7. In their applications to the Court the applicants complained under Article 6 of the Convention that in the proceedings before the HSYK they had not been afforded a fair trial by an impartial tribunal. The applicants in applications nos. 52107/14, 54317/14 and 54503/14, relying on the case of Olujić v. Croatia (no. 22330/05, 5 February 2009), contended that the guarantees of Article 6 should be applied during the proceedings before the HSYK. They asserted that the transfer decisions had been issued following a change in the distribution of tasks between the chambers of the HSYK. They also noted that the decisions in question had disregarded the HSYK's precedents and established practices and had been against the principle of judicial independence and the security of tenure of judges and prosecutors. Alongside those arguments, the applicant in application no. 54503/14 complained that the HSYK had dismissed his review request without giving any reasons. The applicant in application no. 57955/15 noted that he could not have had recourse to a judicial remedy against the decision of the HSYK and then complained that he had been deprived of the right to have access to justice as provided by Article 6 of the Convention and that the Objections Board of the HSYK had not represented an effective domestic remedy within the meaning of Article 13. The applicant in application no. 63031/15 asserted that the lack of reasoning in the HSYK's replies to his review request and objection had deprived him of claiming his rights and constituted an explicit indication that there was not any other domestic remedy in this regard. All of the remaining applicants complained under Article 6 § 1 of the Convention about the breach of their right to a reasoned judgment, of the principle of adversarial procedure, and impartiality during the proceedings before the HSYK. In addition to those complaints, the applicants in applications nos. 4414/16, 5028/16 and 5585/16 complained of the absence of a public hearing before the HSYK.
THE COURT'S ASSESSMENT
I. JOINDER OF THE APPLICATIONS
8. Having regard to the similar subject matter of the applications, the Court finds it appropriate to examine them jointly in a single judgment.
II. THE GOVERNMENT'S request to stirke out application no. 63031/15 under article 37 of the convention
9. In their observations submitted in respect of application no. 63031/15, the Government argued that the applicant had failed to appoint a representative, and unless the President of the Section had granted leave to him to represent himself before the Court, the Court should not examine his case. Accordingly, the Government invited the Court to strike the application out of its list of cases, under Article 37 § 1 (a) of the Convention.
10. The Court notes that at the time the Government were given notice of the applications, the President of the Section granted leave to the applicants who were not represented by a lawyer to present their own case before the Court, in application of Rule 36 § 2 of the Rules of Court. That being the case, the requirements of Article 37 § 1 (a) are not met and the Government's request must accordingly be dismissed.
III. ALLEGED VIOLATION OF ARTICLE 6 § 1 OF THE CONVENTION
A. Scope of the case
11. The applicants complained that the proceedings before the HSYK had violated their right to a fair hearing.

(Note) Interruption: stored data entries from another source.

lemma derivative_of_lift_periodic:
  fixes h h' :: "real \<Rightarrow> real"
  assumes lift: "\<And>x. h (x + 1) = h x + c" and deriv: "\<And>x. (h has_real_derivative h' x) (at x)"
  shows "h' (x + 1) = h' x"
proof -
  have "((\<lambda>x. h (x + 1)) has_real_derivative h' (x + 1) * 1) (at x)"
    by (rule DERIV_chain2[OF deriv]) (auto intro!: derivative_eq_intros)
  moreover have "((\<lambda>x. h (x + 1)) has_real_derivative h' x) (at x)"
    unfolding lift using deriv by (auto intro!: derivative_eq_intros)
  ultimately show ?thesis using DERIV_unique by fastforce
qed

lemma periodic_attains_min:
  fixes h :: "real \<Rightarrow> real"
  assumes periodic: "\<And>x. h (x + 1) = h x" and cont: "\<And>x. isCont h x"
  obtains z where "\<And>x. h z \<le> h x"
proof -
  obtain z where "\<forall>y\<in>{0..1}. h z \<le> h y"
    using continuous_attains_inf[of "{0..1::real}" h] cont
    by (auto simp: continuous_at_imp_continuous_on)
  then have "h z \<le> h (frac x)" for x
    by (meson atLeastAtMost_iff frac_ge_0 frac_lt_1 less_imp_le)
  then have "h z \<le> h x" for x
    using periodic_frac[of h x, OF periodic] by metis
  then show ?thesis using that by blast
qed

lemma funpow_add_apply: "(g ^^ m) ((g ^^ n) x) = (g ^^ (m + n)) x"
  by (simp add: funpow_add)

lemma notin_Ints_between:
  assumes "of_int m < x" "x < of_int m + (1::real)"
  shows "x \<notin> \<int>"
proof
  assume "x \<in> \<int>"
  then obtain k where "x = of_int k" by (rule Ints_cases)
  with assms have "m < k" "k < m + 1" by simp_all
  then show False by simp
qed

lemma round_add_of_int: "round (z + of_int m :: real) = round z + m"
proof -
  have "\<lfloor>z + of_int m + 1/2\<rfloor> = \<lfloor>(z + 1/2) + of_int m\<rfloor>" by (simp add: algebra_simps)
  then show ?thesis by (simp add: round_def)
qed

lemma circ_dist0_add_of_int: "circ_dist0 (z + of_int m) = circ_dist0 z"
  unfolding circ_dist0_def by (simp add: round_add_of_int)

lemma circ_dist0_of_int: "circ_dist0 (of_int m) = 0"
  by (simp add: circ_dist0_def)

lemma circ_dist0_le_abs: "circ_dist0 z \<le> \<bar>z\<bar>"
  using round_diff_minimal[of z 0] by (simp add: circ_dist0_def)

lemma circ_dist0_pos:
  assumes "z \<notin> \<int>"
  shows "0 < circ_dist0 z"
proof -
  have "z \<noteq> of_int (round z)" using assms by (metis Ints_of_int)
  then show ?thesis by (simp add: circ_dist0_def)
qed
text \<open>
  If \<open>f = \<Sum>a(n) x^n\<close> satisfied \<open>\<Sum>i\<le>e. p_i f^(i) = 0\<close> with polynomials \<open>p_i\<close> and \<open>p_e \<noteq> 0\<close>,
  the coefficient of \<open>x^n\<close> would give, for all large \<open>n\<close>, the recurrence
  \<open>\<Sum>i,s. c_is (n - s + 1)^(i) a(n - s + i) = 0\<close> with rising factorials \<open>(z)^(i)\<close>.
  After division by \<open>n^e\<close> its coefficients converge, and among the terms with shift
  \<open>i - s = e - deg p_e\<close> only the one of order \<open>e\<close> survives, with limit \<open>lead_coeff p_e \<noteq> 0\<close>.
  Evaluating the recurrence where this shift lands on a sharp peak \<open>m\<close> of \<open>a\<close>, the terms at
  \<open>a(m)\<close> have size about \<open>|lead_coeff p_e| |a(m)|\<close>, whereas the remaining boundedly many terms
  are each \<open>O(|a(m)| / N)\<close>; for large \<open>N\<close> they cannot cancel.

  Algebraic series are D-finite: if \<open>P(x, f) = 0\<close> with \<open>P\<close> of minimal degree \<open>m\<close> in \<open>y\<close>, then
  \<open>Q = P_y(x, f) \<noteq> 0\<close>, each \<open>Q^(2i) f^(i)\<close> lies in the ring \<open>\<complex>[x][f]\<close>, and this ring lies in
  the \<open>\<complex>(x)\<close>-span of \<open>1, f, \<dots>, f^(m-1)\<close>. So \<open>f, f', \<dots>, f^(m)\<close> are linearly dependent.
\<close>

section \<open>Rational functions as Laurent series\<close>

abbreviation fls_of_poly :: "'a::comm_ring_1 poly \<Rightarrow> 'a fls" where
  "fls_of_poly p \<equiv> fps_to_fls (fps_of_poly p)"

lemma fls_of_poly_add: "fls_of_poly (p + q) = fls_of_poly p + fls_of_poly q"
  by (simp add: fps_of_poly_add)

lemma fls_of_poly_mult: "fls_of_poly (p * q) = fls_of_poly p * fls_of_poly q"
  by (simp add: fps_of_poly_mult fls_times_fps_to_fls)

lemma fls_of_poly_uminus: "fls_of_poly (- p) = - fls_of_poly p"
  by (simp add: fps_of_poly_uminus)

lemma fls_of_poly_smult: "fls_of_poly (smult c p) = fls_const c * fls_of_poly p"
  by (simp add: fps_of_poly_smult fls_times_fps_to_fls)

lemma fls_of_poly_of_nat: "fls_of_poly (of_nat n) = of_nat n"
  by (induction n) (simp_all add: fls_of_poly_add)

lemma fls_of_poly_eq_0_iff [simp]: "fls_of_poly p = 0 \<longleftrightarrow> p = 0"
  by (metis fps_of_poly_0 fps_of_poly_eq_iff fps_to_fls_eq_0_iff)

lemma fls_deriv_fls_of_poly: "fls_deriv (fls_of_poly p) = fls_of_poly (pderiv p)"
  by (simp add: fls_deriv_fps_to_fls fps_of_poly_pderiv)
definition mergeable :: "nat \<Rightarrow> 'p vec \<Rightarrow> 'p vec \<Rightarrow> bool" where
  "mergeable N u v = (\<forall>n<N. v n \<noteq> None \<longrightarrow> u n = None)"

definition merge :: "'p vec \<Rightarrow> 'p vec \<Rightarrow> 'p vec" where
  "merge u v = (\<lambda>n. case u n of None \<Rightarrow> v n | Some q \<Rightarrow> Some q)"

fun insert_vec :: "nat \<Rightarrow> 'p vec \<Rightarrow> 'p vec list \<Rightarrow> 'p vec list" where
  "insert_vec N v [] = [v]"
| "insert_vec N v (u # us) =
     (if mergeable N u v then merge u v # us else u # insert_vec N v us)"

definition grouping :: "nat \<Rightarrow> 'p list \<Rightarrow> (nat \<Rightarrow> 'p set) \<Rightarrow> 'p vec list" where
  "grouping N ps H = foldl (\<lambda>vs p. insert_vec N (mkvec N ps H p) vs) [] ps"

(* the packets XORed in the coded packet of a vector (its distinct non-NULL entries) *)
definition coded :: "nat \<Rightarrow> 'p vec \<Rightarrow> 'p set" where
  "coded N v = {p. \<exists>n<N. v n = Some p}"

definition is_Mc :: "nat \<Rightarrow> 'p vec \<Rightarrow> bool" where
  "is_Mc N v = ((\<forall>n<N. v n \<noteq> None) \<and> (\<forall>n<N. \<forall>m<N. v n = v m))"

definition is_Md :: "nat \<Rightarrow> 'p vec \<Rightarrow> bool" where
  "is_Md N v = (\<exists>n<N. v n = None)"

definition is_Ml :: "nat \<Rightarrow> 'p vec \<Rightarrow> bool" where
  "is_Ml N v = (\<not> is_Mc N v \<and> \<not> is_Md N v)"

definition Mc :: "nat \<Rightarrow> 'p list \<Rightarrow> (nat \<Rightarrow> 'p set) \<Rightarrow> 'p vec list" where
  "Mc N ps H = filter (is_Mc N) (grouping N ps H)"

definition Md :: "nat \<Rightarrow> 'p list \<Rightarrow> (nat \<Rightarrow> 'p set) \<Rightarrow> 'p vec list" where
  "Md N ps H = filter (is_Md N) (grouping N ps H)"

definition Ml :: "nat \<Rightarrow> 'p list \<Rightarrow> (nat \<Rightarrow> 'p set) \<Rightarrow> 'p vec list" where
  "Ml N ps H = filter (is_Ml N) (grouping N ps H)"

definition valid_split :: "nat \<Rightarrow> 'p list \<Rightarrow> (nat \<Rightarrow> 'p set)
    \<Rightarrow> ('p vec \<Rightarrow> 'p set \<times> 'p set) \<Rightarrow> bool" where
  "valid_split N ps H sp = (\<forall>v \<in> set (Ml N ps H).
      fst (sp v) \<union> snd (sp v) = coded N v \<and> fst (sp v) \<inter> snd (sp v) = {} \<and>
      fst (sp v) \<noteq> {} \<and> snd (sp v) \<noteq> {} \<and>
      (\<exists>x<N. fst (sp v) \<subseteq> H x) \<and> (\<exists>x<N. snd (sp v) \<subseteq> H x))"

(* scheduler state: not-yet-sent packets of M_c, M_l, M_d, and an M_l packet
   whose first part has been sent over D2D (second part pending) *)
type_synonym 'p sstate = "'p vec list \<times> 'p vec list \<times> 'p vec list \<times> 'p vec option"

(* one slot of NCMI-Instant: returns the contents (packet sets XORed) of the
   transmissions of this slot (cellular, then D2D) and the new state *)
definition ncmi_step :: "nat \<Rightarrow> ('p vec \<Rightarrow> 'p set \<times> 'p set) \<Rightarrow> 'p sstate
    \<Rightarrow> 'p set list \<times> 'p sstate" where
  "ncmi_step N sp st = (case st of (cs, ls, ds, pend) \<Rightarrow>
     let (tx1, cs1, ls1, ds1) =
           (if cs \<noteq> [] then ([coded N (hd cs)], tl cs, ls, ds)
            else if ls \<noteq> [] then ([coded N (hd ls)], cs, tl ls, ds)
            else if ds \<noteq> [] then ([coded N (hd ds)], cs, ls, tl ds)
            else ([], cs, ls, ds));
         (tx2, ls2, ds2, pend2) =
           (if ds1 \<noteq> [] then ([coded N (hd ds1)], ls1, tl ds1, pend)
            else (case pend of
                    Some v \<Rightarrow> ([snd (sp v)], ls1, ds1, None)
                  | None \<Rightarrow> (if ls1 \<noteq> [] then ([fst (sp (hd ls1))], tl ls1, ds1, Some (hd ls1))
                             else ([], ls1, ds1, None))))
     in (tx1 @ tx2, (cs1, ls2, ds2, pend2)))"

definition ncmi_init :: "nat \<Rightarrow> 'p list \<Rightarrow> (nat \<Rightarrow> 'p set) \<Rightarrow> 'p sstate" where
  "ncmi_init N ps H = (Mc N ps H, Ml N ps H, Md N ps H, None)"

12. Being master of the characterisation to be given in law to the facts of the case (see Guerra and Others v. Italy, 19 February 1998, § 44, Reports of Judgments and Decisions 1998-I, and Radomilja and Others v. Croatia [GC], nos. 37685/10 and 22768/12, §§ 114 and 124, 20 March 2018) and referring to its case-law (see Bilgen v. Turkey, no. 1571/07, §§ 69-81 and §§ 91-97, 9 March 2021, and Eminağaoğlu v. Turkey, no. 76521/12, §§ 36, 76 and §§ 99-102, 9 March 2021), the Court, when giving notice of the application to the Government, invited the parties to submit observations on the question whether the applicants had access to a court, as guaranteed by Article 6 § 1 of the Convention, concerning the decisions to transfer them.
13. The Government contested the scope of the complaint under Article 6 as communicated by the Court in the present case. They indicated, inter alia, that in their complaints, the applicants had not explicitly or in substance relied on the right of access to a court for the purposes of Article 6 § 1 of the Convention and that they had not challenged the absence of judicial review of their transfer by the decisions of the HSYK in this regard. Accordingly, they invited the Court to strike the applications out of its list of cases.
14. All applicants, except Mr Atilla Aslan (application no. 5585/16), contested the Government's arguments, arguing, in particular, that they had raised the complaint concerning the right of access to a court in substance. Mr Atilla Aslan did not comment on the Government's objections to the scope of the case.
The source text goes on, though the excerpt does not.